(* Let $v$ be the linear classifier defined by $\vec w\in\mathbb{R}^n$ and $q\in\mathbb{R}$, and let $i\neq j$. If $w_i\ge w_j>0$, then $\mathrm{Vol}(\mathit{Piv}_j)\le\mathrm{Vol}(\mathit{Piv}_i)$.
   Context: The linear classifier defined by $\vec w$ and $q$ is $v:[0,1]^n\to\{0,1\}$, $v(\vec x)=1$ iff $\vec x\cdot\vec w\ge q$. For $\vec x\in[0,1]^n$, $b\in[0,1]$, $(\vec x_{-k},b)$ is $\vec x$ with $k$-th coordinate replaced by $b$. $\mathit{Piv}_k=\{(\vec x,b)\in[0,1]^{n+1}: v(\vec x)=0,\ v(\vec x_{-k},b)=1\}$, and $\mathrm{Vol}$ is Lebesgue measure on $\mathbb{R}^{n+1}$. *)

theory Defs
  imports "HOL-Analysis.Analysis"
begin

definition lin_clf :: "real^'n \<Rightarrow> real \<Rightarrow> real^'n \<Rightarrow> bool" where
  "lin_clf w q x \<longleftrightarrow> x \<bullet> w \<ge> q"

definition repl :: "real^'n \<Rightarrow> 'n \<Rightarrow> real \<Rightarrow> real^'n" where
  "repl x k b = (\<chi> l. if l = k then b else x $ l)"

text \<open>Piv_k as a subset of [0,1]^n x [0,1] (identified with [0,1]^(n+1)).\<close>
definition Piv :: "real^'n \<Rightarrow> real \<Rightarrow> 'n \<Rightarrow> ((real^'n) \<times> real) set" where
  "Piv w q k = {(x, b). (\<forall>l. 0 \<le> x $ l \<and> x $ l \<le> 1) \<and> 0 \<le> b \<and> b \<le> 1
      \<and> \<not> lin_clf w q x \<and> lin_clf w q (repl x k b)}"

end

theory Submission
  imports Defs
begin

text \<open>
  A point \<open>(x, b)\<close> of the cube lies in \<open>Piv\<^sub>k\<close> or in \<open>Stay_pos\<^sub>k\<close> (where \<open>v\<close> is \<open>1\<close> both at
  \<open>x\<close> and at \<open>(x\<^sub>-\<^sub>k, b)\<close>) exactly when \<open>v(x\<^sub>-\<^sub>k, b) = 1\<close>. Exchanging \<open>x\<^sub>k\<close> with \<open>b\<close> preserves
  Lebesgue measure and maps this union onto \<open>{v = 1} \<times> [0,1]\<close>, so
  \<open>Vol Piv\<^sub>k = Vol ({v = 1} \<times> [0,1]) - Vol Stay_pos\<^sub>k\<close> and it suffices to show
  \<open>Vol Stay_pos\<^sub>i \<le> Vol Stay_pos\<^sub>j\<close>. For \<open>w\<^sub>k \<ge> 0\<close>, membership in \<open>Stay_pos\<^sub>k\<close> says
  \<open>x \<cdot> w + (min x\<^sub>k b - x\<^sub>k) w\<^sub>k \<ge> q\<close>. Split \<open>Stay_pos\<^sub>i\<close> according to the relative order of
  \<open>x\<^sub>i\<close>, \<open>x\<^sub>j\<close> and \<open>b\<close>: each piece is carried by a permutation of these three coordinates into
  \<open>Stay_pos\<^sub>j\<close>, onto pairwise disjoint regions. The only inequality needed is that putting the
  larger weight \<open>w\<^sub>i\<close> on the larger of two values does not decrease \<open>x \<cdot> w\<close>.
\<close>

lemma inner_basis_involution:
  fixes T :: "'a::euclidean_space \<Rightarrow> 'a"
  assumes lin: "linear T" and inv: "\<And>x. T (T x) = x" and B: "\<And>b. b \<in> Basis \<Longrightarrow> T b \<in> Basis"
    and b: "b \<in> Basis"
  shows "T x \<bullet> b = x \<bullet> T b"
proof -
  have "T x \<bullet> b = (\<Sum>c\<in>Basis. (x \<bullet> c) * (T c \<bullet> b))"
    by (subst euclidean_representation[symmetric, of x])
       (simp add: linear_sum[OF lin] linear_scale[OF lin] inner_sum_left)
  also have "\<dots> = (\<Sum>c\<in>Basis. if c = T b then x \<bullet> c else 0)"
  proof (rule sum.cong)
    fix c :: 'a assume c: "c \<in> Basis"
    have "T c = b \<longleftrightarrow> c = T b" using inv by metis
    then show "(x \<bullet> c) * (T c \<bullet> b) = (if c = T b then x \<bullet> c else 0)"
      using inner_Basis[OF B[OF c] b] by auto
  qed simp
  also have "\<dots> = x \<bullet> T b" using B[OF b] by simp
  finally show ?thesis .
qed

_ _ _ _

TASK PROMPT>
Among the entries above, the line containing "A point \<open>(x, b)\<close>", the line containing "Lebesgue measure and", and all lines between them are to be restated word for word; nothing else belongs in the reply.

TASK SOLUTION>
  A point \<open>(x, b)\<close> of the cube lies in \<open>Piv\<^sub>k\<close> or in \<open>Stay_pos\<^sub>k\<close> (where \<open>v\<close> is \<open>1\<close> both at
  \<open>x\<close> and at \<open>(x\<^sub>-\<^sub>k, b)\<close>) exactly when \<open>v(x\<^sub>-\<^sub>k, b) = 1\<close>. Exchanging \<open>x\<^sub>k\<close> with \<open>b\<close> preserves
  Lebesgue measure and maps this union onto \<open>{v = 1} \<times> [0,1]\<close>, so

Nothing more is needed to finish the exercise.